Representative Results

When this staining procedure has been followed appropriately, consistent and uniform staining of dendrites and spines is generated. See Figure 1 for a representation of Golgi-Cox neuronal staining. This procedure produces staining that is comparable to the newly developed in vitro methods and may permit visualization of dendritic fields that are uninterruptable following tissue embedding. The vibratome based technique for Golgi-Cox staining has been found to produce more widespread staining of terminal branches and pyramidal neurons, than staining with either celloidin-embedded and cryostat-sectioned tissue, 15. Furthermore, because this method of staining impregnates the entire brain, all sections can be analyzed either immediately or in the future. As the location of morphological change is it is not always obvious when generating an original hypothesis, this process allows for the exploration of additional brain regions and prevents disposal of tissue that may be useful in the future.

This staining method can be used for reliable staining of any aged rat brains (P0-old age).

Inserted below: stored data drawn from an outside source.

definition phase_ok :: "(real \<Rightarrow> tstat) \<Rightarrow> real \<Rightarrow> real \<Rightarrow> (nat \<Rightarrow> real) \<Rightarrow> nat \<Rightarrow> bool" where
  "phase_ok f dmin dmax tt i \<longleftrightarrow>
     (\<forall>t. tt (3*i) \<le> t \<and> t < tt (3*i+1) \<longrightarrow> f t = Empty) \<and>
     (\<forall>t. tt (3*i+1) \<le> t \<and> t < tt (3*i+2) \<longrightarrow> f t = Coming) \<and>
     dmin \<le> tt (3*i+2) - tt (3*i+1) \<and> tt (3*i+2) - tt (3*i+1) \<le> dmax \<and>
     (\<forall>t. tt (3*i+2) \<le> t \<and> t < tt (3*i+3) \<longrightarrow> f t = Incrossing)"

definition train_motion :: "(real \<Rightarrow> tstat) \<Rightarrow> real \<Rightarrow> real \<Rightarrow> bool" where
  "train_motion f dmin dmax \<longleftrightarrow>
     (\<exists>tt::nat \<Rightarrow> real. tt 0 = 0 \<and> strict_mono tt \<and> (\<forall>i. phase_ok f dmin dmax tt i)) \<or>
     (\<exists>(tt::nat \<Rightarrow> real) k. tt 0 = 0 \<and> 3 dvd k \<and> (\<forall>i j. i < j \<and> j \<le> k \<longrightarrow> tt i < tt j) \<and>
        (\<forall>i. 3*i+3 \<le> k \<longrightarrow> phase_ok f dmin dmax tt i) \<and>
        (\<forall>t\<ge>tt k. f t = Empty))"

definition regular_run :: "'tr set \<Rightarrow> real \<Rightarrow> real \<Rightarrow> real \<Rightarrow> real \<Rightarrow> (real \<Rightarrow> 'tr \<Rightarrow> tstat) \<Rightarrow>
     (real \<Rightarrow> 'tr \<Rightarrow> ereal) \<Rightarrow> (real \<Rightarrow> dirv) \<Rightarrow> (real \<Rightarrow> gstat) \<Rightarrow> bool" where
  "regular_run Tracks dclose dopen dmin dmax TS DL Di GS \<longleftrightarrow>
     (let r = rho Tracks TS DL Di GS;
          en = (\<lambda>A t. enabled Tracks dclose dopen dmin A t (r t));
          fi = fires Tracks dclose dopen dmin TS DL Di GS in
       is_run Tracks dclose dopen dmin TS DL Di GS \<and>
       (\<forall>x\<in>Tracks. TS 0 x = Empty \<and> DL 0 x = \<infinity>) \<and>
       (\<forall>x\<in>Tracks. train_motion (\<lambda>t. TS t x) dmin dmax) \<and>
       (\<forall>t\<ge>0. en Controller t \<longrightarrow> fi Controller t) \<and>
       ((\<forall>t\<ge>0. en Gate t \<longrightarrow> fi Gate t) \<or>
        (\<exists>b>0. \<not> (\<exists>t\<ge>0. \<forall>u. t < u \<and> u < t + b \<longrightarrow> en Gate u \<and> \<not> fi Gate u))) \<and>
       \<not> (\<exists>t\<ge>0. \<forall>u. t < u \<and> u < t + dclose \<longrightarrow> Di u = DClose \<and> GS u = Opened) \<and>
       \<not> (\<exists>t\<ge>0. \<forall>u. t < u \<and> u < t + dopen \<longrightarrow> Di u = DOpen \<and> GS u = Closed))"

definition pos_sig :: "(real \<Rightarrow> 'b) \<Rightarrow> real set" where
  "pos_sig f = {t. t > 0 \<and> (\<forall>\<epsilon>>0. \<exists>a\<ge>0. \<bar>a - t\<bar> < \<epsilon> \<and> f a \<noteq> f t)}"

end

theory Submission
  imports Defs
begin

text \<open>Dir changes only when the Controller fires, and a deadline c + W, set when a train
  arrives at c, stays pending while that train is on its track. So when Dir switches to close
  at a, the train whose deadline expired is still coming throughout (a, a + dclose] and keeps
  SafeToOpen false; and when Dir switches to open at a, no deadline can expire before
  a + dopen, because W \<ge> dopen means it would already have been pending at a. Hence after each
  change Dir keeps its new value for at least the time the gate is given to follow it. The
  gate timing makes GateStatus reach the matching value within that time, and since the Gate
  only ever moves GateStatus to the value matching Dir, it cannot change again before the next
  change of Dir. So exactly one change of GateStatus lies between two consecutive changes of
  Dir, and exactly one follows the last.\<close>

section \<open>Left and right values of piecewise constant functions\<close>

lemma right_val_unique:
  assumes "right_val f t v" and "right_val f t w"
  shows "v = w"
proof -
  obtain e1 where e1: "e1 > 0" "\<forall>u. t < u \<and> u < t + e1 \<longrightarrow> f u = v"
    using assms(1) unfolding right_val_def by blast
  obtain e2 where e2: "e2 > 0" "\<forall>u. t < u \<and> u < t + e2 \<longrightarrow> f u = w"
    using assms(2) unfolding right_val_def by blast
  define u where "u = t + min e1 e2 / 2"
  have "t < u" "u < t + e1" "u < t + e2" using e1(1) e2(1) unfolding u_def by auto
  then show ?thesis using e1(2) e2(2) by metis
qed

lemma right_valI: "0 < e \<Longrightarrow> (\<And>u. t < u \<Longrightarrow> u < t + e \<Longrightarrow> f u = v) \<Longrightarrow> right_val f t v"
  unfolding right_val_def by blast

lemma left_valI: "0 < e \<Longrightarrow> (\<And>u. t - e < u \<Longrightarrow> u < t \<Longrightarrow> f u = v) \<Longrightarrow> left_val f t v"
  unfolding left_val_def by blast

lemma right_val_comp: "right_val f t v \<Longrightarrow> right_val (\<lambda>u. g (f u)) t (g v)"
  unfolding right_val_def by metis

lemma left_val_comp: "left_val f t v \<Longrightarrow> left_val (\<lambda>u. g (f u)) t (g v)"
  unfolding left_val_def by metis

lemma real_interval_induct:
  fixes a b t :: real
  assumes "a \<le> b" and "P a"
    and right_step: "\<And>s. a \<le> s \<Longrightarrow> s < b \<Longrightarrow> (\<And>u. a \<le> u \<Longrightarrow> u \<le> s \<Longrightarrow> P u) \<Longrightarrow>
                   \<exists>e>0. \<forall>u. s < u \<and> u < s + e \<longrightarrow> P u"
    and left_step: "\<And>s. a < s \<Longrightarrow> s \<le> b \<Longrightarrow> (\<And>u. a \<le> u \<Longrightarrow> u < s \<Longrightarrow> P u) \<Longrightarrow> P s"
    and "a \<le> t" "t \<le> b"
  shows "P t"
proof -
  define S where "S = {s. a \<le> s \<and> s \<le> b \<and> (\<forall>u. a \<le> u \<and> u \<le> s \<longrightarrow> P u)}"
  define m where "m = Sup S"
  have "a \<in> S" using assms(1,2) unfolding S_def by auto
  have bdd: "bdd_above S" unfolding S_def bdd_above_def by auto
  have "a \<le> m" unfolding m_def using \<open>a \<in> S\<close> bdd by (rule cSup_upper)
  have "m \<le> b" unfolding m_def using \<open>a \<in> S\<close> by (intro cSup_least) (auto simp: S_def)
  have below: "P u" if "a \<le> u" "u < m" for u
  proof -
    have "u < Sup S" using that(2) unfolding m_def .
    then obtain s where "s \<in> S" "u < s" using less_cSup_iff[of S u] \<open>a \<in> S\<close> bdd by auto
    then show ?thesis using that unfolding S_def by auto
  qed
  have "P m"
  proof (cases "m = a")
    case False
    then show ?thesis using left_step[OF _ \<open>m \<le> b\<close> below] \<open>a \<le> m\<close> by simp
  qed (use \<open>P a\<close> in simp)
  with below have upto: "P u" if "a \<le> u" "u \<le> m" for u
    using that by (cases "u = m") auto
  have "m = b"
  proof (rule ccontr)
    assume "m \<noteq> b"
    with \<open>m \<le> b\<close> have "m < b" by simp
    then obtain e where e: "e > 0" "\<forall>u. m < u \<and> u < m + e \<longrightarrow> P u"
      using right_step[of m] \<open>a \<le> m\<close> upto by blast
    define s where "s = min b (m + e / 2)"
    have "m < s" "s \<le> b" "s < m + e" using e(1) \<open>m < b\<close> unfolding s_def by auto
    have "P u" if "a \<le> u" "u \<le> s" for u
      using upto[of u] e(2) that \<open>s < m + e\<close> by (cases "u \<le> m") auto
    then have "s \<in> S" unfolding S_def using \<open>a \<le> m\<close> \<open>m < s\<close> \<open>s \<le> b\<close> by auto
    then have "s \<le> m" unfolding m_def using bdd by (rule cSup_upper)
    then show False using \<open>m < b\<close> e unfolding s_def by auto
  qed
  then show ?thesis using upto assms(5,6) by simp
qed

lemma right_val_persists:
  fixes f :: "real \<Rightarrow> 'b"
  assumes start: "right_val f a v"
    and step: "\<And>s. a < s \<Longrightarrow> s < b \<Longrightarrow> f s = v \<Longrightarrow> right_val f s v"
    and left: "\<And>s. a < s \<Longrightarrow> s \<le> b \<Longrightarrow> left_val f s (f s)"
    and "a < t" "t \<le> b"
  shows "f t = v"
proof -
  have "t = a \<or> f t = v"
  proof (rule real_interval_induct[where P = "\<lambda>u. u = a \<or> f u = v"])
    fix s assume "a \<le> s" "s < b" and IH: "\<And>u. a \<le> u \<Longrightarrow> u \<le> s \<Longrightarrow> u = a \<or> f u = v"
    then have "right_val f s v"
      using start step IH[of s] by (cases "s = a") auto
    then show "\<exists>e>0. \<forall>u. s < u \<and> u < s + e \<longrightarrow> u = a \<or> f u = v"
      unfolding right_val_def by blast
  next
    fix s assume "a < s" "s \<le> b" and IH: "\<And>u. a \<le> u \<Longrightarrow> u < s \<Longrightarrow> u = a \<or> f u = v"
    obtain e where e: "e > 0" "\<forall>u. s - e < u \<and> u < s \<longrightarrow> f u = f s"
      using left \<open>a < s\<close> \<open>s \<le> b\<close> unfolding left_val_def by blast
    define p where "p = max ((a + s) / 2) (s - e / 2)"
    have "a < p" "p < s" "s - e < p"
      using \<open>a < s\<close> e(1) unfolding p_def by (auto simp: less_max_iff_disj)
    then show "s = a \<or> f s = v" using IH[of p] e(2) by auto
  qed (use assms in auto)
  then show ?thesis using \<open>a < t\<close> by simp
qed

lemma pos_sig_iff:
  fixes f :: "real \<Rightarrow> 'b"
  assumes "0 < t" and left: "left_val f t (f t)" and right: "right_val f t v"
  shows "t \<in> pos_sig f \<longleftrightarrow> v \<noteq> f t"
proof -
  obtain e1 where e1: "e1 > 0" "\<forall>u. t - e1 < u \<and> u < t \<longrightarrow> f u = f t"
    using left unfolding left_val_def by blast
  obtain e2 where e2: "e2 > 0" "\<forall>u. t < u \<and> u < t + e2 \<longrightarrow> f u = v"
    using right unfolding right_val_def by blast
  show ?thesis
  proof
    assume "t \<in> pos_sig f"
    moreover have "0 < min e1 e2" using e1(1) e2(1) by simp
    ultimately obtain a where a: "\<bar>a - t\<bar> < min e1 e2" "f a \<noteq> f t"
      unfolding pos_sig_def by blast
    then have "t - e1 < a" "a < t + e2" "a \<noteq> t" by (auto simp: abs_less_iff)
    then show "v \<noteq> f t"
      using a(2) e1(2) e2(2) by (metis linorder_neqE_linordered_idom)
  next
    assume "v \<noteq> f t"
    have "\<exists>a\<ge>0. \<bar>a - t\<bar> < e \<and> f a \<noteq> f t" if "e > 0" for e
      using \<open>0 < t\<close> e2 \<open>v \<noteq> f t\<close> that
      by (intro exI[of _ "t + min e e2 / 2"]) auto
    then show "t \<in> pos_sig f" unfolding pos_sig_def using \<open>0 < t\<close> by blast
  qed
qed

lemma bracket_index:
  fixes g :: "nat \<Rightarrow> real"
  assumes "g 0 \<le> t" and "t < g m"
  shows "\<exists>i<m. g i \<le> t \<and> t < g (Suc i)"
  using assms(2)
proof (induction m)
  case (Suc m)
  then show ?case by (cases "t < g m") (auto simp: not_less less_Suc_eq)
qed (use assms(1) in simp)

lemma pre_run_comp: "pre_run f \<Longrightarrow> pre_run (\<lambda>t. g (f t))"
  unfolding pre_run_def by metis

lemma pre_run_right_val:
  assumes "pre_run f" and "0 \<le> t"
  shows "\<exists>v. right_val f t v"
proof -
  obtain n tt where tt: "tt 0 = 0" "tt n = t + 1"
    and const: "\<forall>i<n. \<forall>u v. tt i < u \<and> u < tt (Suc i) \<and> tt i < v \<and> v < tt (Suc i) \<longrightarrow> f u = f v"
    using assms unfolding pre_run_def by (meson add_nonneg_pos zero_less_one)
  obtain i where i: "i < n" "tt i \<le> t" "t < tt (Suc i)"
    using bracket_index[of tt t n] tt assms(2) by auto
  define m where "m = (t + tt (Suc i)) / 2"
  have m: "tt i < m" "m < tt (Suc i)" using i unfolding m_def by auto
  have "right_val f t (f m)"
  proof (rule right_valI)
    fix u assume "t < u" "u < t + (tt (Suc i) - t)"
    then have "tt i < u" "u < tt (Suc i)" using i by auto
    then show "f u = f m" using const i(1) m by blast
  qed (use i in simp)
  then show ?thesis ..
qed

lemma pre_run_left_val:
  assumes "pre_run f" and "0 < t"
  shows "\<exists>v. left_val f t v"
proof -
  obtain n tt where tt: "tt 0 = 0" "tt n = t" "\<forall>i<n. tt i < tt (Suc i)"
    and const: "\<forall>i<n. \<forall>u v. tt i < u \<and> u < tt (Suc i) \<and> tt i < v \<and> v < tt (Suc i) \<longrightarrow> f u = f v"
    using assms unfolding pre_run_def by meson
  obtain k where k: "n = Suc k" using tt(1,2) assms(2) by (cases n) auto
  then have "tt k < t" using tt(2,3) by auto
  define m where "m = (tt k + t) / 2"
  have m: "tt k < m" "m < t" using \<open>tt k < t\<close> unfolding m_def by auto
  have "left_val f t (f m)"
  proof (rule left_valI)
    fix u assume "t - (t - tt k) < u" "u < t"
    then have "tt k < u" "u < tt (Suc k)" using k tt(2) by auto
    moreover have "m < tt (Suc k)" using m k tt(2) by simp
    ultimately show "f u = f m" using const k m(1) by blast
  qed (use \<open>tt k < t\<close> in simp)
  then show ?thesis ..
qed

However, when staining young brains (<1 gram), the brain should only remain in the Golgi-Cox solution for 6 days, rather than the 14 days recommended for adult brains; all other procedures are held constant. The main difficulty that may be encountered during this Golgi-Cox staining process is the inability to produce high-quality staining of central brain regions, including the thalamus. As the entire brain is impregnated at the same time, central regions may not receive ideal concentrations of stain. Despite this finding, the Golgi-Cox technique produces exceptional staining of subcortical regions such as the hippocampus and striatum. A final limitation of the procedure arises from incomplete removal of blood from the brain during the perfusion process. Blood may produce artifacts in the brain tissue that makes it difficult to photograph and trace the neurons.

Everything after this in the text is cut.